lemma geodesic_distinct:
  assumes "geodesic E Q"
  shows "distinct Q"
  unfolding distinct_conv_nth
proof (intro allI impI)
  have neq: "Q ! a \<noteq> Q ! b" if "a < b" "b < length Q" for a b
    using geodesic_dist[OF assms, of a b] dist_self[of E "Q ! a"] that by auto
  fix a b assume "a < length Q" "b < length Q" "a \<noteq> b"
  then show "Q ! a \<noteq> Q ! b" using neq[of a b] neq[of b a] by (cases "a < b") auto
qed

lemma geodesic_isometric_path:
  assumes "graph V E" "geodesic E Q" "hd Q \<in> V"
  shows "isometric_path V E Q"
proof -
  have Q: "walk E Q" "distinct Q" "set Q \<subseteq> V"
    using assms geodesic_distinct walk_subset_vertices unfolding geodesic_def by blast+
  have dist_eq: "dist (path_edges Q) (Q ! a) (Q ! b) = dist E (Q ! a) (Q ! b)"
    if "a < length Q" "b < length Q" for a b
  proof (cases "a \<le> b")
    case True
    then show ?thesis using that dist_path_edges[OF Q(2)] geodesic_dist[OF assms(2)] by simp
  next
    case False
    then show ?thesis using that dist_path_edges[OF Q(2)] geodesic_dist[OF assms(2)]
        dist_commute[of "path_edges Q", OF path_edges_commute]
        dist_commute[of E, OF graph_edge_commute[OF assms(1)]]
      by (metis nat_le_linear)
  qed
  then show ?thesis
    using Q unfolding isometric_path_def is_path_def by (metis in_set_conv_nth)
qed

lemma geodesic_through:
  assumes "reachable E x v" "reachable E v y" "between E x v y"
  obtains Q where "geodesic E Q" "hd Q = x" "last Q = y" "Q ! dist E x v = v"
proof -
  obtain xs where xs: "walk E xs" "hd xs = x" "last xs = v" "length xs = Suc (dist E x v)"
    using shortest_walk[OF assms(1)] .
  obtain ys where ys: "walk E ys" "hd ys = v" "last ys = y" "length ys = Suc (dist E v y)"
    using shortest_walk[OF assms(2)] .
  have "last xs = hd ys" using xs ys by simp
  note Q = walk_append_tl[OF xs(1) ys(1) this]
  have "xs \<noteq> []" using xs(4) by auto
  then have "xs ! dist E x v = v" using xs(3,4) last_conv_nth[of xs] by simp
  then have "(xs @ tl ys) ! dist E x v = v" using xs(4) by (simp add: nth_append)
  moreover have "geodesic E (xs @ tl ys)"
    using Q xs ys assms(3) unfolding geodesic_def between_def by simp
  ultimately show ?thesis using that Q(2,3) xs(2) ys(3) by blast
qed

lemma walk_splice:
  assumes "walk E P" "walk E B" "i \<le> j" "j < length P" "hd B = P ! i" "last B = P ! j"
  shows "walk E (take i P @ B @ drop (Suc j) P)"
    "hd (take i P @ B @ drop (Suc j) P) = hd P" "last (take i P @ B @ drop (Suc j) P) = last P"
    "length (take i P @ B @ drop (Suc j) P) = i + length B + (length P - Suc j)"
proof -
  define S where "S = drop i (take (Suc j) P)"
  have S: "S \<noteq> []" "hd S = P ! i" "last S = P ! j"
    using walk_segment[OF assms(1,3,4)] unfolding S_def walk_def by auto
  have "P = take i P @ S @ drop (Suc j) P"
    unfolding S_def using assms(3)
    by (metis append.assoc append_take_drop_id le_SucI take_take min_absorb1)
  then have "successively E (take i P @ S @ drop (Suc j) P)"
    using assms(1) unfolding walk_iff_successively by metis
  then show "walk E (take i P @ B @ drop (Suc j) P)"
    using assms(2,5,6) S unfolding walk_iff_successively by (auto simp: successively_append_iff)
  have "B \<noteq> []" "P \<noteq> []" using assms(2,4) unfolding walk_def by auto
  then show "hd (take i P @ B @ drop (Suc j) P) = hd P"
    using assms(5) by (cases i) (auto simp: hd_conv_nth nth_append)
  show "last (take i P @ B @ drop (Suc j) P) = last P"
  proof (cases "Suc j = length P")
    case True
    then have "last P = P ! j" using last_conv_nth[OF \<open>P \<noteq> []\<close>] by (metis diff_Suc_1)
    with True show ?thesis using assms(6) \<open>B \<noteq> []\<close> by simp
  qed (use assms(4) in simp)
  show "length (take i P @ B @ drop (Suc j) P) = i + length B + (length P - Suc j)"
    using assms(3,4) by simp
qed
(* Consider the twisted associative algebra generated by an element $\Delta$ of arity $0$ and homological degree $1$, an element $\mathsf m$ of arity $1$ and homological degree $0$, and an element $\mathsf l$ of arity $1$ and homological degree $1$, subject to the relations \[ \Delta^2=0,\quad [\mathsf m_{\{1\}},\mathsf m_{\{2\}}]=0,\quad [\Delta,\mathsf m_{\{1\}}]=\mathsf l_{\{1\}},\quad [\Delta,\mathsf l_{\{1\}}]=0,\quad [\mathsf l_{\{1\}},\mathsf m_{\{2\}}]=0,\quad [\mathsf l_{\{1\}},\mathsf l_{\{2\}}]=0. \] This twisted associative algebra is isomorphic to $\mathrm{tBV}$, the twisted associative algebra generated by $\Delta$ (arity $0$, degree $1$) and $\mathsf m$ (arity $1$, degree $0$) subject to $\Delta^2=0$, $[\mathsf m_{\{1\}},\mathsf m_{\{2\}}]=0$ and $[[\Delta,\mathsf m_{\{1\}}],\mathsf m_{\{2\}}]=0$.
   Context: Work over a field $\Bbbk$ of characteristic zero, homologically graded vector spaces with the Koszul sign rule. A twisted associative algebra is a species $\mathcal A$ (functor from finite sets with bijections to graded vector spaces) with natural, associative, unital products $\mathcal A(J)\otimes\mathcal A(K)\to\mathcal A(J\sqcup K)$ for disjoint $J,K$; elements of $\mathcal A(I)$ have arity $|I|$. $[\mathsf x,\mathsf y]=\mathsf x\mathsf y-(-1)^{|\mathsf x||\mathsf y|}\mathsf y\mathsf x$. For an arity-one element $\mathsf x$, $\mathsf x_{\{i\}}$ is its relabeling to $\{i\}$. Relations are imposed together with all relabelings. *)

theory Defs
  imports Main
begin

text \<open>Concrete model of twisted associative algebras presented by generators of
arity 0 and 1.  Labels are natural numbers (finite subsets of nat model the finite
sets; bijections of nat model relabelings).  A basis word of arity I of the free
twisted associative algebra is a list of letters in which every label of I occurs
exactly once.  Elements are finitely supported coefficient functions on words.\<close>

datatype letter = LD | LM nat | LL nat
  \<comment> \<open>LD = Delta (arity 0, degree 1); LM i = m relabelled to {i} (degree 0);
      LL i = l relabelled to {i} (degree 1)\<close>

type_synonym word = "letter list"
type_synonym 'k elt = "word \<Rightarrow> 'k"

fun lab :: "letter \<Rightarrow> nat list" where
  "lab LD = []" | "lab (LM i) = [i]" | "lab (LL i) = [i]"

fun ldeg :: "letter \<Rightarrow> nat" where
  "ldeg LD = 1" | "ldeg (LM i) = 0" | "ldeg (LL i) = 1"

fun relab_letter :: "(nat \<Rightarrow> nat) \<Rightarrow> letter \<Rightarrow> letter" where
  "relab_letter s LD = LD" | "relab_letter s (LM i) = LM (s i)" | "relab_letter s (LL i) = LL (s i)"

definition labels :: "word \<Rightarrow> nat list" where
  "labels w = concat (map lab w)"

definition wdeg :: "word \<Rightarrow> nat" where
  "wdeg w = sum_list (map ldeg w)"

definition alph1 :: "letter set" where "alph1 = UNIV"
definition alph2 :: "letter set" where "alph2 = insert LD (range LM)"

text \<open>f is an element of A(I) of the free twisted associative algebra on alph\<close>
definition inA :: "letter set \<Rightarrow> nat set \<Rightarrow> 'k::zero elt \<Rightarrow> bool" where
  "inA alph I f \<longleftrightarrow> finite {w. f w \<noteq> 0} \<and>
     (\<forall>w. f w \<noteq> 0 \<longrightarrow> set w \<subseteq> alph \<and> distinct (labels w) \<and> set (labels w) = I)"

definition homdeg :: "nat \<Rightarrow> 'k::zero elt \<Rightarrow> bool" where
  "homdeg d f \<longleftrightarrow> (\<forall>w. f w \<noteq> 0 \<longrightarrow> wdeg w = d)"

definition mon :: "word \<Rightarrow> 'k::field elt" where
  "mon u = (\<lambda>w. if w = u then 1 else 0)"

definition eadd :: "'k::field elt \<Rightarrow> 'k elt \<Rightarrow> 'k elt" where
  "eadd f g = (\<lambda>w. f w + g w)"

definition esub :: "'k::field elt \<Rightarrow> 'k elt \<Rightarrow> 'k elt" where
  "esub f g = (\<lambda>w. f w - g w)"

definition esmult :: "'k::field \<Rightarrow> 'k elt \<Rightarrow> 'k elt" where
  "esmult c f = (\<lambda>w. c * f w)"

text \<open>product = concatenation of words, extended bilinearly\<close>
definition emult :: "'k::field elt \<Rightarrow> 'k elt \<Rightarrow> 'k elt" where
  "emult f g = (\<lambda>w. \<Sum>k\<le>length w. f (take k w) * g (drop k w))"

definition relabel :: "(nat \<Rightarrow> nat) \<Rightarrow> 'k::field elt \<Rightarrow> 'k elt" where
  "relabel s f = (\<lambda>w. f (map (relab_letter (inv s)) w))"

definition gcomm :: "'k::field elt \<Rightarrow> nat \<Rightarrow> 'k elt \<Rightarrow> nat \<Rightarrow> 'k elt" where
  "gcomm a da b db = esub (emult a b) (esmult ((-1) ^ (da * db)) (emult b a))"

text \<open>Relations, paired with their arity sets, together with all relabelings.\<close>
definition Rel1 :: "('k::field elt \<times> nat set) set" where
  "Rel1 =
     {(mon [LD, LD], {})}
   \<union> {(gcomm (mon [LM i]) 0 (mon [LM j]) 0, {i, j}) | i j. i \<noteq> j}
   \<union> {(esub (gcomm (mon [LD]) 1 (mon [LM i]) 0) (mon [LL i]), {i}) | i. True}
   \<union> {(gcomm (mon [LD]) 1 (mon [LL i]) 1, {i}) | i. True}
   \<union> {(gcomm (mon [LL i]) 1 (mon [LM j]) 0, {i, j}) | i j. i \<noteq> j}
   \<union> {(gcomm (mon [LL i]) 1 (mon [LL j]) 1, {i, j}) | i j. i \<noteq> j}"

definition Rel2 :: "('k::field elt \<times> nat set) set" where
  "Rel2 =
     {(mon [LD, LD], {})}
   \<union> {(gcomm (mon [LM i]) 0 (mon [LM j]) 0, {i, j}) | i j. i \<noteq> j}
   \<union> {(gcomm (gcomm (mon [LD]) 1 (mon [LM i]) 0) 1 (mon [LM j]) 0, {i, j}) | i j. i \<noteq> j}"

inductive inIdeal :: "letter set \<Rightarrow> ('k::field elt \<times> nat set) set \<Rightarrow> 'k elt \<Rightarrow> bool"
  for alph R where
  zero: "inIdeal alph R (\<lambda>w. 0)"
| add: "inIdeal alph R x \<Longrightarrow> inIdeal alph R y \<Longrightarrow> inIdeal alph R (eadd x y)"
| smult: "inIdeal alph R x \<Longrightarrow> inIdeal alph R (esmult c x)"
| gen: "(r, S) \<in> R \<Longrightarrow> set u \<subseteq> alph \<Longrightarrow> set v \<subseteq> alph \<Longrightarrow>
        distinct (labels u @ labels v) \<Longrightarrow> set (labels u @ labels v) \<inter> S = {} \<Longrightarrow>
        inIdeal alph R (emult (emult (mon u) r) (mon v))"

definition taa_morphism :: "letter set \<Rightarrow> letter set \<Rightarrow> ('k::field elt \<Rightarrow> 'k elt) \<Rightarrow> bool" where
  "taa_morphism A B F \<longleftrightarrow>
     (\<forall>I f. finite I \<longrightarrow> inA A I f \<longrightarrow> inA B I (F f))
   \<and> (\<forall>I f g. inA A I f \<longrightarrow> inA A I g \<longrightarrow> F (eadd f g) = eadd (F f) (F g))
   \<and> (\<forall>I c f. inA A I f \<longrightarrow> F (esmult c f) = esmult c (F f))
   \<and> (\<forall>I J f g. I \<inter> J = {} \<longrightarrow> inA A I f \<longrightarrow> inA A J g \<longrightarrow> F (emult f g) = emult (F f) (F g))
   \<and> F (mon []) = mon []
   \<and> (\<forall>s I f. bij s \<longrightarrow> inA A I f \<longrightarrow> F (relabel s f) = relabel s (F f))
   \<and> (\<forall>I d f. inA A I f \<longrightarrow> homdeg d f \<longrightarrow> homdeg d (F f))"
theorem lemma8:
  fixes f :: "complex poly" and lam :: "int \<Rightarrow> complex" and m :: nat
    and z a :: complex
  assumes "lam \<in> S_f f"
    and "lam_abs lam = m" and "m \<noteq> 0"
    and "a \<noteq> 0"
  shows "quotient_dim_basis (ideal_gen m a) m
       \<and> simple_quotient A_x (A_y lam z) (A_h lam) (ideal_gen m a)
       \<and> simple_quotient (B_x lam z) B_y (B_h lam) (ideal_gen m a)"
proof -
  have per: "lam (i + int m) = lam i" for i
    using lam_abs_periodic[of lam i 1] assms(2) by simp
  have per_succ: "lam (i + int m + 1) = lam (i + 1)" for i
    using per[of "i + 1"] by (simp add: add_ac)
  have inj: "inj_on lam {0..<int m}"
    using S_f_inj_on_period[OF assms(1)] assms(2) by simp
  have "simple_quotient A_x (A_y lam z) (A_h lam) (ideal_gen m a)"
    unfolding A_x_def A_y_def A_h_def
    by (intro simple_quotient_ideal_gen is_submodule_ideal_gen assms(3,4) inj disjI1 allI)
      (simp_all add: per shift_op_tpow cst_def)
  moreover have "simple_quotient (B_x lam z) B_y (B_h lam) (ideal_gen m a)"
    unfolding B_x_def B_y_def B_h_def
    by (intro simple_quotient_ideal_gen is_submodule_ideal_gen assms(3,4) inj disjI2 allI)
      (simp_all add: per per_succ shift_op_tpow cst_def)
  ultimately show ?thesis
    using quotient_dim_basis_ideal_gen[OF assms(4,3)] by blast
qed

end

________

**What you should do:**
In the listing above, find each line with the word "lambda" and copy it out.

**Solved problem:**
  "mon u = (\<lambda>w. if w = u then 1 else 0)"
  "eadd f g = (\<lambda>w. f w + g w)"
  "esub f g = (\<lambda>w. f w - g w)"
  "esmult c f = (\<lambda>w. c * f w)"
  "emult f g = (\<lambda>w. \<Sum>k\<le>length w. f (take k w) * g (drop k w))"
  "relabel s f = (\<lambda>w. f (map (relab_letter (inv s)) w))"
  zero: "inIdeal alph R (\<lambda>w. 0)"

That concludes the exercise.